Das Unternehmen Sofiapflege aus Leonberg bei Stuttgart, das deutschlandweit Betreuer vermittelt, spricht von einer unübersichtlichen Lage, deutlich erschwerten Bedingungen und auch längeren Wartezeiten für Neukunden, die nach einer häuslichen Betreuung suchen. Das Sozialministerium berichtet von einer hohen Zahl an Anfragen besorgter Angehöriger, ebenso wie die Stiftung Patientenschutz.

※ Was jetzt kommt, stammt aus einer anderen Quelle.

text \<open>Cauchy's bound \<open>|z| \<le> 1 + \<Sum>|b\<^sub>i| / |a\<^sub>0|\<close> is moderate because \<open>1 / |a\<^sub>0|\<close> is.\<close>

lemma moderate_if_eventually_root:
  assumes Bs: "\<forall>B\<in>set Bs. moderate U B"
    and q: "\<forall>\<^sub>F \<phi> in ufilter. Rphi \<phi> ^ q \<le> norm (A0 \<phi>)"
    and root: "\<forall>\<^sub>F \<phi> in ufilter. eval_coeffs (A0 \<phi> # map (\<lambda>B. B \<phi>) Bs) (Z \<phi>) = 0"
  shows "moderate U Z"
proof (rule moderate_mono)
  define S where "S \<phi> = sum_list (map (\<lambda>B. norm (B \<phi>)) Bs)" for \<phi>
  show "moderate U (\<lambda>\<phi>. 1 + complex_of_real (S \<phi>) * complex_of_real (norm (inverse (A0 \<phi>))))"
    unfolding S_def
    by (intro moderate_intros moderate_sum_list_norm moderate_of_real_norm
        moderate_inverse_if_bounded_below[OF q] Bs)
  have S_nonneg: "0 \<le> S \<phi>" for \<phi> unfolding S_def by (intro sum_list_nonneg) auto
  from eventually_nonzero_if_bounded_below[OF q] root
  show "\<forall>\<^sub>F \<phi> in ufilter.
    norm (Z \<phi>) \<le> norm (1 + complex_of_real (S \<phi>) * complex_of_real (norm (inverse (A0 \<phi>))))"
  proof eventually_elim
    case (elim \<phi>)
    then have "norm (Z \<phi>) \<le> 1 + S \<phi> * norm (inverse (A0 \<phi>))"
      using norm_root_le_Cauchy_bound[of "A0 \<phi>" "map (\<lambda>B. B \<phi>) Bs" "Z \<phi>"]
      by (simp add: S_def o_def norm_inverse divide_inverse)
    also have "\<dots> = norm (complex_of_real (1 + S \<phi> * norm (inverse (A0 \<phi>))))"
      using S_nonneg[of \<phi>] by (simp only: norm_of_real) simp
    finally show ?case by simp
  qed
qed

lemma root_in_Chat:
  fixes T :: "complex set"
  assumes A0: "moderate U A0" "\<not> negligible_net U A0" and Bs: "\<forall>B\<in>set Bs. moderate U B"
    and "0 \<in> T"
    and roots: "\<And>\<phi>. A0 \<phi> \<noteq> 0 \<Longrightarrow> \<exists>z\<in>T. eval_coeffs (A0 \<phi> # map (\<lambda>B. B \<phi>) Bs) z = 0"
  obtains Z where "moderate U Z" "\<forall>\<phi>. Z \<phi> \<in> T"
    "C.eval (map (cls U) (A0 # Bs)) (cls U Z) = \<zero>\<^bsub>Chat U\<^esub>"
proof -
  have "\<exists>Z. \<forall>\<phi>. Z \<phi> \<in> T \<and> (A0 \<phi> \<noteq> 0 \<longrightarrow> eval_coeffs (A0 \<phi> # map (\<lambda>B. B \<phi>) Bs) (Z \<phi>) = 0)"
    by (intro choice allI) (use roots \<open>0 \<in> T\<close> in blast)
  then obtain Z where Z: "\<And>\<phi>. Z \<phi> \<in> T"
    and root: "\<And>\<phi>. A0 \<phi> \<noteq> 0 \<Longrightarrow> eval_coeffs (A0 \<phi> # map (\<lambda>B. B \<phi>) Bs) (Z \<phi>) = 0"
    by blast
  obtain q where q: "\<forall>\<^sub>F \<phi> in ufilter. Rphi \<phi> ^ q \<le> norm (A0 \<phi>)"
    using A0(2) by (rule bounded_below_if_not_negligible)
  have ev_root: "\<forall>\<^sub>F \<phi> in ufilter. eval_coeffs (A0 \<phi> # map (\<lambda>B. B \<phi>) Bs) (Z \<phi>) = 0"
    using eventually_nonzero_if_bounded_below[OF q] by eventually_elim (rule root)
  have mZ: "moderate U Z" by (rule moderate_if_eventually_root[OF Bs q ev_root])
  have "C.eval (map (cls U) (A0 # Bs)) (cls U Z)
      = cls U (\<lambda>\<phi>. eval_coeffs (map (\<lambda>A. A \<phi>) (A0 # Bs)) (Z \<phi>))"
    using A0 Bs mZ by (intro eval_cls) auto
  also have "\<dots> = cls U (\<lambda>_. 0)"
    using A0 Bs mZ ev_root by (intro cls_eqI moderate_eval_coeffs moderate_const) auto
  finally show ?thesis using that mZ Z zero_Chat by auto
qed

lemma Chat_algebraically_closed: "algebraically_closed (Chat U)"
proof (rule C.algebraically_closedI)
  fix p assume p: "p \<in> carrier (poly_ring (Chat U))" and deg: "Polynomials.degree p > 1"
  then have "polynomial\<^bsub>Chat U\<^esub> (cls U ` {A. moderate U A}) p" "p \<noteq> []"
    by (auto simp: univ_poly_carrier carrier_Chat)
  then obtain A0 Bs where A0: "moderate U A0" "\<not> negligible_net U A0"
    and Bs: "\<forall>B\<in>set Bs. moderate U B" and p_eq: "p = map (cls U) (A0 # Bs)"
    by (rule lift_coeffs) auto
  have "Bs \<noteq> []" using deg p_eq by auto
  obtain Z where "moderate U Z" "C.eval p (cls U Z) = \<zero>\<^bsub>Chat U\<^esub>"
  proof (rule root_in_Chat[OF A0 Bs, of UNIV])
    fix \<phi> assume "A0 \<phi> \<noteq> 0"
    then show "\<exists>z\<in>UNIV. eval_coeffs (A0 \<phi> # map (\<lambda>B. B \<phi>) Bs) z = 0"
      using eval_coeffs_complex_root_exists[of "A0 \<phi>" "map (\<lambda>B. B \<phi>) Bs"] \<open>Bs \<noteq> []\<close> by simp
  qed (use p_eq in auto)
  then show "\<exists>x\<in>carrier (Chat U). C.eval p x = \<zero>\<^bsub>Chat U\<^esub>"
    using cls_in_carrier_Chat by blast
qed

section \<open>The real closed subfield\<close>

abbreviation Rfield :: "'d net set ring" where
  "Rfield \<equiv> (Chat U)\<lparr>carrier := Rhat U\<rparr>"

lemma RhatE:
  assumes "x \<in> Rhat U"
  obtains A where "moderate U A" "\<forall>\<phi>. A \<phi> \<in> \<real>" "x = cls U A"
  using assms by (auto simp: Rhat_def)

lemma cls_in_Rhat: "moderate U A \<Longrightarrow> \<forall>\<phi>. A \<phi> \<in> \<real> \<Longrightarrow> cls U A \<in> Rhat U"
  by (auto simp: Rhat_def)

lemma minus_cls: "moderate U A \<Longrightarrow> \<ominus>\<^bsub>Chat U\<^esub> cls U A = cls U (\<lambda>\<phi>. - A \<phi>)"
  by (rule C.minus_equality) (simp_all add: add_cls moderate_uminus zero_Chat cls_in_carrier_Chat)

lemma Rhat_subring: "subring (Rhat U) (Chat U)"
proof (rule C.subringI)
  show "Rhat U \<subseteq> carrier (Chat U)" by (auto simp: Rhat_def carrier_Chat)
  show "\<one>\<^bsub>Chat U\<^esub> \<in> Rhat U" by (simp add: one_Chat cls_in_Rhat moderate_const)
next
  fix h assume "h \<in> Rhat U"
  then show "\<ominus>\<^bsub>Chat U\<^esub> h \<in> Rhat U"
    by (auto elim!: RhatE simp: minus_cls intro!: cls_in_Rhat moderate_uminus)
next
  fix h1 h2 assume "h1 \<in> Rhat U" "h2 \<in> Rhat U"
  then show "h1 \<otimes>\<^bsub>Chat U\<^esub> h2 \<in> Rhat U" and "h1 \<oplus>\<^bsub>Chat U\<^esub> h2 \<in> Rhat U"
    by (auto elim!: RhatE simp: mult_cls add_cls intro!: cls_in_Rhat moderate_mult moderate_add)
qed

lemma Rhat_subfield: "subfield (Rhat U) (Chat U)"
proof (rule C.subfieldI'[OF Rhat_subring])
  fix k assume k: "k \<in> Rhat U - {\<zero>\<^bsub>Chat U\<^esub>}"
  then obtain A where A: "moderate U A" "\<forall>\<phi>. A \<phi> \<in> \<real>" "k = cls U A" by (auto elim: RhatE)
  with k have nn: "\<not> negligible_net U A" using cls_eq_zero_iff zero_Chat by auto
  note inv = cls_inverse[OF A(1) nn]
  have "inv\<^bsub>Chat U\<^esub> k = cls U (\<lambda>\<phi>. inverse (A \<phi>))"
    using A(1,3) inv by (intro C.comm_inv_char) (auto intro: cls_in_carrier_Chat)
  with A(2) inv show "inv\<^bsub>Chat U\<^esub> k \<in> Rhat U" by (simp add: cls_in_Rhat)
qed

interpretation R: field Rfield
  by (rule C.subfield_iff(2)[OF Rhat_subfield])

lemma Rfield_minus_cls:
  assumes "moderate U A" "\<forall>\<phi>. A \<phi> \<in> \<real>"
  shows "\<ominus>\<^bsub>Rfield\<^esub> cls U A = cls U (\<lambda>\<phi>. - A \<phi>)"
  by (rule R.minus_equality)
     (use assms in \<open>simp_all add: add_cls moderate_uminus zero_Chat cls_in_Rhat\<close>)
lemma pm_bases_fibre_extend:
  assumes G: "fibre_rank E a F m G" and "finite E" "a \<in> E"
    and y: "y \<in> pm_bases (E - {a}) G"
  shows "y(a := m) \<in> pm_bases E F"
proof -
  have sum_z: "sum (y(a := m)) (insert a S) = m + sum y S" if "S \<subseteq> E - {a}" for S
    using that \<open>finite E\<close> by (intro sum_insert_fun_upd) (auto intro: finite_subset)
  have sum_y: "sum (y(a := m)) S = sum y S" if "S \<subseteq> E - {a}" for S
    using that by (intro sum.cong) auto
  have E: "insert a (E - {a}) = E" using \<open>a \<in> E\<close> by blast
  have top: "sum y (E - {a}) = F E - m"
    using pm_basesD(2)[OF y] fibre_rankD(5)[OF G] by simp
  have bound: "sum y S \<le> F S \<and> m + sum y S \<le> F (insert a S)" if S: "S \<subseteq> E - {a}" for S
  proof -
    consider "S = {}" | "S = E - {a}" | "S \<noteq> {}" "S \<noteq> E - {a}" by blast
    then show ?thesis
    proof cases
      case 1
      then show ?thesis using fibre_rankD(2,4)[OF G] by simp
    next
      case 2
      then show ?thesis using top fibre_rankD(6)[OF G] E by simp
    qed (use pm_basesD(3)[OF y S] fibre_rankD(1)[OF G S] in simp)
  qed
  show ?thesis
  proof (rule pm_basesI)
    show "(y(a := m)) i = 0" if "i \<notin> E" for i
      using that pm_basesD(1)[OF y] \<open>a \<in> E\<close> by auto
    show "sum (y(a := m)) E = F E"
      using sum_z[of "E - {a}"] top unfolding E by simp
    show "sum (y(a := m)) S \<le> F S" if S: "S \<subseteq> E" for S
    proof (cases "a \<in> S")
      case True
      then have "S = insert a (S - {a})" "S - {a} \<subseteq> E - {a}" using S by auto
      then show ?thesis using sum_z bound by metis
    next
      case False
      then have "S \<subseteq> E - {a}" using S by auto
      then show ?thesis using sum_y bound by simp
    qed
  qed
qed

lemma bij_betw_fibre_pm_bases:
  assumes "fibre_rank E a F m G" and "finite E" "a \<in> E"
  shows "bij_betw (\<lambda>z. z(a := 0)) {z \<in> pm_bases E F. z a = m} (pm_bases (E - {a}) G)"
proof (rule bij_betw_byWitness[where f' = "\<lambda>y. y(a := m)"])
  show "\<forall>z\<in>{z \<in> pm_bases E F. z a = m}. (z(a := 0))(a := m) = z"
    by auto
  show "\<forall>y\<in>pm_bases (E - {a}) G. (y(a := m))(a := 0) = y"
    using pm_basesD(1) by (fastforce simp: fun_eq_iff)
  show "(\<lambda>z. z(a := 0)) ` {z \<in> pm_bases E F. z a = m} \<subseteq> pm_bases (E - {a}) G"
    using pm_bases_fibre_restrict[OF assms] by blast
  show "(\<lambda>y. y(a := m)) ` pm_bases (E - {a}) G \<subseteq> {z \<in> pm_bases E F. z a = m}"
    using pm_bases_fibre_extend[OF assms] by auto
qed
lemma separable_space_obtains_dense_sequence:
  fixes X :: "'a::metric_space set"
  assumes "separable_space (subtopology euclidean X)"
  obtains xs where "dense_sequence X xs"
proof (cases "X = {}")
  case True
  then show ?thesis using that by (simp add: dense_sequence_def)
next
  case False
  obtain C where C: "countable C" "C \<subseteq> X" "subtopology euclidean X closure_of C = X"
    using assms unfolding separable_space_def by auto
  have X_closure: "X \<subseteq> closure C"
    using C by (metis closure_of_subtopology euclidean_closure_of inf.absorb_iff2 le_inf_iff order_refl)
  have "dense_sequence X (from_nat_into C)"
  proof
    fix z and e :: real
    assume "z \<in> X" "e > 0"
    then obtain c where "c \<in> C" "dist c z < e"
      using X_closure closure_approachable by blast
    then show "\<exists>n. dist z (from_nat_into C n) < e"
      by (metis C(1) dist_commute from_nat_into_to_nat_on)
  qed
  then show ?thesis by (rule that)
qed

context dense_sequence
begin

definition greedy_piece :: "real \<Rightarrow> real \<Rightarrow> nat \<Rightarrow> 'a set" where
  "greedy_piece R \<delta> n = {w\<in>X. dist w (xs n) < R + \<delta> \<and> (\<forall>m<n. \<delta> \<le> dist w (xs m))}"

lemma finite_greedy_pieces_containing:
  assumes "\<delta> > 0" "z \<in> X"
  shows "finite {n. z \<in> greedy_piece R \<delta> n}"
proof -
  obtain n0 where "dist z (xs n0) < \<delta>" using dense assms by blast
  then have "{n. z \<in> greedy_piece R \<delta> n} \<subseteq> {..n0}"
    by (auto simp: greedy_piece_def not_le[symmetric])
  then show ?thesis using finite_subset by blast
qed

lemma subset_greedy_piece:
  assumes "\<delta> > 0" "E \<subseteq> X" "E \<noteq> {}" and diam: "\<And>e f. e \<in> E \<Longrightarrow> f \<in> E \<Longrightarrow> dist e f \<le> R"
  shows "\<exists>n. E \<subseteq> greedy_piece R \<delta> n"
proof -
  define close where "close n \<longleftrightarrow> (\<exists>e\<in>E. dist e (xs n) < \<delta>)" for n
  obtain e where "e \<in> E" using assms by blast
  with dense assms obtain n1 where "close n1" unfolding close_def by blast
  define n where "n = (LEAST n. close n)"
  have "close n" unfolding n_def using \<open>close n1\<close> by (rule LeastI)
  then obtain e0 where e0: "e0 \<in> E" "dist e0 (xs n) < \<delta>" unfolding close_def by blast
  have "f \<in> greedy_piece R \<delta> n" if "f \<in> E" for f
  proof -
    have "dist f (xs n) \<le> dist f e0 + dist e0 (xs n)" by (rule dist_triangle)
    also have "\<dots> < R + \<delta>" using diam that e0 by (simp add: add_le_less_mono)
    finally have "dist f (xs n) < R + \<delta>" .
    moreover have "\<forall>m<n. \<delta> \<le> dist f (xs m)"
      using not_less_Least[of _ close] that by (auto simp: n_def close_def not_less)
    ultimately show ?thesis using that assms by (auto simp: greedy_piece_def)
  qed
  then show ?thesis by blast
qed

lemma dist_greedy_piece_less:
  assumes "v \<in> greedy_piece R \<delta> n" "w \<in> greedy_piece R \<delta> n"
  shows "dist v w < 2 * (R + \<delta>)"
proof -
  have "dist v w \<le> dist v (xs n) + dist w (xs n)" by (rule dist_triangle2)
  also have "\<dots> < 2 * (R + \<delta>)" using assms by (simp add: greedy_piece_def)
  finally show ?thesis .
qed

lemma greedy_cover_is_cover:
  assumes "\<delta> > 0" "R \<ge> 0"
  shows "is_cover X (range (greedy_piece R \<delta>))"
proof -
  have "\<exists>n. z \<in> greedy_piece R \<delta> n" if "z \<in> X" for z
    using subset_greedy_piece[OF assms(1), of "{z}" R] that assms(2) by simp
  then show ?thesis
    unfolding is_cover_def greedy_piece_def by blast
qed

lemma greedy_cover_point_finite:
  assumes "\<delta> > 0"
  shows "point_finite X (range (greedy_piece R \<delta>))"
  unfolding point_finite_def
proof
  fix z assume "z \<in> X"
  have "{U \<in> range (greedy_piece R \<delta>). z \<in> U} = greedy_piece R \<delta> ` {n. z \<in> greedy_piece R \<delta> n}"
    by blast
  then show "finite {U \<in> range (greedy_piece R \<delta>). z \<in> U}"
    using finite_greedy_pieces_containing[OF assms \<open>z \<in> X\<close>] by simp
qed

lemma greedy_cover_lebesgue_num:
  assumes "\<delta> > 0"
  shows "lebesgue_num X (range (greedy_piece R \<delta>)) \<ge> ennreal R"
  unfolding lebesgue_num_def
proof (rule Sup_upper, safe)
  fix E assume E: "E \<subseteq> X" "ediam E < ennreal R"
  have "dist e f \<le> R" if "e \<in> E" "f \<in> E" for e f
  proof -
    have "ennreal (dist e f) < ennreal R"
      using dist_le_ediam[OF that] E(2) by (rule le_less_trans)
    then show ?thesis by (simp add: ennreal_less_iff)
  qed
  then show "\<exists>U\<in>range (greedy_piece R \<delta>). E \<subseteq> U"
    using subset_greedy_piece[OF assms E(1)] by (cases "E = {}") auto
qed simp

lemma greedy_cover_diam: "cover_diam (range (greedy_piece R \<delta>)) \<le> ennreal (2 * (R + \<delta>))"
  unfolding cover_diam_def
  by (intro SUP_least ediam_le) (auto dest: dist_greedy_piece_less)

lemma Delta_c_le: "R \<ge> 0 \<Longrightarrow> Delta_c X R \<le> ennreal (2 * R)"
proof (rule ennreal_le_epsilon)
  fix \<epsilon> :: real assume "R \<ge> 0" "\<epsilon> > 0"
  define \<U> where "\<U> = range (greedy_piece R (\<epsilon> / 2))"
  have "is_cover X \<U>" "point_finite X \<U>" "lebesgue_num X \<U> \<ge> ennreal R"
    unfolding \<U>_def using \<open>R \<ge> 0\<close> \<open>\<epsilon> > 0\<close>
    by (simp_all add: greedy_cover_is_cover greedy_cover_point_finite greedy_cover_lebesgue_num)
  then have "Delta_c X R \<le> cover_diam \<U>"
    unfolding Delta_c_def by (blast intro: Inf_lower)
  also have "\<dots> \<le> ennreal (2 * (R + \<epsilon> / 2))"
    unfolding \<U>_def by (rule greedy_cover_diam)
  also have "\<dots> = ennreal (2 * R + \<epsilon>)"
    by (simp add: algebra_simps)
  also have "\<dots> = ennreal (2 * R) + ennreal \<epsilon>"
    using \<open>R \<ge> 0\<close> \<open>\<epsilon> > 0\<close> by (simp add: ennreal_plus)
  finally show "Delta_c X R \<le> ennreal (2 * R) + ennreal \<epsilon>" .
qed

definition scaled_piece :: "real \<Rightarrow> int \<Rightarrow> nat \<Rightarrow> 'a set" where
  "scaled_piece b k n = greedy_piece (b powr k) ((b - 1) * b powr k) n"

definition coordinate :: "real \<Rightarrow> 'a \<Rightarrow> int \<Rightarrow> nat \<Rightarrow> 'a \<Rightarrow> real" where
  "coordinate b p k n z = min (infdist z (X - scaled_piece b k n))
     (min (b powr k) (max 0 (dist z p - b powr k / 2)))"

lemma coordinate_nonneg: "b > 1 \<Longrightarrow> 0 \<le> coordinate b p k n z"
  by (simp add: coordinate_def infdist_nonneg)
text \<open>Only diagonal entries enter the H-trace. At (i, t) the kernel of A_Delta is the
  identity coefficient of A i i, since G acts freely on Delta; the kernel of
  phi^* A_Omega phi has the same entry when phi t lies in the free part Omega' and
  vanishes when phi t lies in X. Hence each diagonal block of the difference
  contributes A i i 0 once for every representative t with phi t in X. As phi is an
  H-equivariant bijection, these representatives form a transversal of the H-orbits
  in X, so there are r of them.\<close>

lemma rep_kernel_diag:
  assumes "left_action act" and "free_left_on act A" and "x \<in> A"
  shows "rep_kernel act f x x = f 0"
proof -
  have fix0: "x = act 0 x"
    using assms(1) unfolding left_action_def by simp
  have "(THE g. x = act g x) = 0"
  proof (rule the_equality)
    show "x = act 0 x" by (fact fix0)
    show "g = 0" if "x = act g x" for g
      using assms(2,3) that unfolding free_left_on_def by metis
  qed
  then show ?thesis
    using fix0 unfolding rep_kernel_def by auto
qed

lemma mem_horbit_self:
  assumes "right_action act"
  shows "x \<in> horbit act x"
  using assms unfolding horbit_def right_action_def by (metis rangeI)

Das Problem ist den Trägern der Einrichtungen bewusst. Die Geschäftsführerin der Landesarbeitsgemeinschaft der Werkstätten für behinderte Menschen, Christa Grünenwald, sagt: „Wir haben immer betont, wenn die Schließung kommt, muss es die Möglichkeit geben, den Menschen, die eine Tagesstruktur benötigen, Betreuung zu bieten.“ Personal der Werkstätten unterstütze daher das Personal in Wohngruppen und -heimen. Auch gebe es Notbetreuungen in den Werkstätten, wenn es keine andere Versorgungsmöglichkeit gibt. „Im Moment fühlen sich die Träger der Wohnangebote im Stich gelassen“, sagt die Geschäftsführerin des Landesverbandes für Menschen mit Körper- und Mehrfachbehinderung, Jutta Pagel-Steidl.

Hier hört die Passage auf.